Помнится, вскоре после своей свадьбы Делия, беседуя с сестрой о ее неудачной личной жизни, высказала интересное соображение.

— Ты только погляди, кто тебя привлекает, — сказала она. — У них всех есть нечто общее: они, как правило, хороши собой и на первый взгляд крайне романтичны. Во всяком случае, на словах. Вспомни, сколько раз ты покупалась на красивые байки! Ты просто ищешь романтики, но ее в наши дни и в наших условиях трудно найти. Какая жалость, что у Жерара нет младшего брата, или племянника, или взрослого сына…

— Брось молоть чепуху! — запротестовала тогда Габриель, но Делия продолжала со смехом твердить, что близкий родственник Жерара непременно составил бы счастье Габи, если бы, конечно, пошел в Жерара и внешностью, и характером.

Потом Габриель, разумеется, напрочь забыла об этом глупом разговоре и вспомнила только сейчас. Ах, знала бы Делия, как странно аукнутся ее беспечные слова! Да, судьба порой любит шутить над людьми…

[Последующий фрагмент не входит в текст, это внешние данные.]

definition Aideal :: "nat \<Rightarrow> (nat \<Rightarrow> int^'d) \<Rightarrow> nat set set \<Rightarrow> nat \<Rightarrow> cpoly set" where
  "Aideal n v \<Sigma> k = ideal_gen
     ({(\<Sum>i=1..n. of_int (lpair l (v i)) * Dvar i) | l. True} \<union>
      {(\<Prod>i=1..n. Dvar i ^ r i) | r::nat \<Rightarrow> nat.
          \<not> (\<exists>S\<in>\<Sigma>. {i\<in>{1..n}. r i > k} \<subseteq> S)})"

text \<open>Elements of the direct limit are represented by pairs (k, f), f a representative of an
  element of A_k; (k,f) is identified with (k+l, f * (D_1...D_n)^l).\<close>
type_synonym alim = "nat \<times> cpoly"

definition alim_zero :: "nat \<Rightarrow> (nat \<Rightarrow> int^'d) \<Rightarrow> nat set set \<Rightarrow> alim \<Rightarrow> bool" where
  "alim_zero n v \<Sigma> x \<longleftrightarrow> (\<exists>l. snd x * Dprod n ^ l \<in> Aideal n v \<Sigma> (fst x + l))"

definition alim_smult :: "int \<Rightarrow> alim \<Rightarrow> alim" where
  "alim_smult c x = (fst x, of_int c * snd x)"

definition alim_sum :: "nat \<Rightarrow> (nat \<Rightarrow> alim) \<Rightarrow> nat set \<Rightarrow> alim" where
  "alim_sum n F I = (let m = Max (fst ` F ` I) in
      (m, \<Sum>i\<in>I. snd (F i) * Dprod n ^ (m - fst (F i))))"

definition Phi :: "nat \<Rightarrow> int \<Rightarrow> (nat \<Rightarrow> int) \<Rightarrow> alim" where
  "Phi n b0 b = (let k = Max ({0} \<union> b ` {1..n}) in
     (nat k, D0 n ^ nat (- b0) * (\<Prod>i=1..n. Dvar i ^ nat (k - b i))))"

text \<open>Mbar = M x Z, Nbar = N x Z.\<close>
definition vbar :: "(nat \<Rightarrow> int^'d) \<Rightarrow> nat \<Rightarrow> (int^'d) \<times> int" where
  "vbar v i = (if i = 0 then (0, 1) else (v i, 1))"

definition bpair :: "(int^'d) \<times> int \<Rightarrow> (int^'d) \<times> int \<Rightarrow> int" where
  "bpair nn x = lpair (fst nn) (fst x) + snd nn * snd x"

definition in_K :: "nat \<Rightarrow> (nat \<Rightarrow> int^'d) \<Rightarrow> (int^'d) \<times> int \<Rightarrow> bool" where
  "in_K n v p \<longleftrightarrow> (\<exists>\<mu>::nat \<Rightarrow> real. (\<forall>i\<in>{0..n}. \<mu> i \<ge> 0) \<and>
      rvec (fst p) = (\<Sum>i\<in>{0..n}. \<mu> i *\<^sub>R rvec (fst (vbar v i))) \<and>
      of_int (snd p) = (\<Sum>i\<in>{0..n}. \<mu> i))"

text \<open>Coefficient of the monomial prod_{i=1}^n a_i^(c_i) in Psi_p (a formal Laurent series in
  a_1..a_n with coefficients in the direct limit).  The unique beta contributing has
  (b_1..b_n) = c and b_0 determined by the last coordinate.\<close>
definition Psi_coeff :: "nat \<Rightarrow> (nat \<Rightarrow> int^'d) \<Rightarrow> (int^'d) \<times> int \<Rightarrow> (nat \<Rightarrow> int) \<Rightarrow> alim" where
  "Psi_coeff n v p c = (let b0 = - snd p - (\<Sum>i=1..n. c i) in
     if b0 \<le> 0 \<and> (\<Sum>i=1..n. c i *s v i) = - fst p then Phi n b0 c else (0, 0))"

end

theory Submission
  imports Defs
begin

(* The coefficient of a^c in the i-th summand is (nn . vbar_i) Phi_beta, where (b_1..b_n) is c,
   lowered by one at i for i > 0 (the factor a_i), and b_0 = B - 1 for i = 0, b_0 = B otherwise,
   with B = -snd p - sum_j c_j; it vanishes unless b_0 <= 0 and sum_j c_j v_j = -fst p.
   Lift all summands to a common A_m.
   If B <= 0 all summands are present: with Q = D_0^(-B) prod_j D_j^(m - c_j) the i-th one is
   (nn . vbar_i) D_i Q, resp. (nn . vbar_0) D_0 Q, and since D_0 = -sum_i D_i they add up to
   Q sum_i (l . v_i) D_i for nn = (l, s), a multiple of a linear generator of the ideal.
   If B = 1 only the summand i = 0 survives, the monomial prod_j D_j^(m - c_j), whose
   exponents exceeding m are those with c_j < 0.  If these rays lay in one cone, nefness
   of the anticanonical divisor would give a linear form u <= 1 on all rays and = 1 on them,
   whence -sum_j c_j <= u(-sum_j c_j v_j) = u(fst p) <= snd p as p lies in K, i.e. B <= 0.
   So the monomial is a generator of the ideal.  In all other cases every summand vanishes. *)

lemma ideal_gen_0: "0 \<in> ideal_gen G"
  unfolding ideal_gen_def by (rule CollectI, rule exI[of _ "{}"]) simp

lemma ideal_gen_mult: "g \<in> G \<Longrightarrow> x * g \<in> ideal_gen G"
  unfolding ideal_gen_def
  by (rule CollectI, rule exI[of _ "{g}"], rule exI[of _ "\<lambda>_. x"]) simp

lemma sum_fun_upd:
  fixes g :: "nat \<Rightarrow> 'b \<Rightarrow> 'a::ab_group_add"
  assumes "finite I" "i \<in> I"
  shows "(\<Sum>j\<in>I. g j ((b(i := x)) j)) = (\<Sum>j\<in>I. g j (b j)) - g i (b i) + g i x"
proof -
  have "(\<Sum>j\<in>I - {i}. g j ((b(i := x)) j)) = (\<Sum>j\<in>I - {i}. g j (b j))"
    by (rule sum.cong) auto
  then show ?thesis
    using assms by (simp add: sum.remove algebra_simps)
qed

lemma rvec_uminus: "rvec (- x) = - rvec x"
  by (simp add: rvec_def vec_eq_iff)

lemma rvec_sum: "rvec (\<Sum>j\<in>I. f j) = (\<Sum>j\<in>I. rvec (f j))"
  by (simp add: rvec_def vec_eq_iff)

lemma rvec_smult: "rvec (a *s x) = of_int a *\<^sub>R rvec x"
  by (simp add: rvec_def vec_eq_iff)

lemma zero_in_Aideal: "0 \<in> Aideal n v \<Sigma> k"
  unfolding Aideal_def by (rule ideal_gen_0)

lemma linear_relation_in_Aideal:
  "q * (\<Sum>i=1..n. of_int (lpair l (v i)) * Dvar i) \<in> Aideal n v \<Sigma> k"
  unfolding Aideal_def by (rule ideal_gen_mult) blast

На следующей неделе она должны будет выйти на съемочную площадку и, не имея ни малейшего представления о работе, сделать так, чтобы никто даже не усомнился в ее профессионализме. Более того, она снова увидит этого человека. Этого мужчину, который успел произвести на нее такое сильное впечатление.

При одном воспоминании о его пронзительно-серых глазах Габриель бросило в дрожь. А вдруг он снова посмотрит на нее так же пристально и испытующе, вдруг заглянет ей прямо в душу — и прочтет там всю правду? О том, какова эта правда, Габриель предпочитала не думать…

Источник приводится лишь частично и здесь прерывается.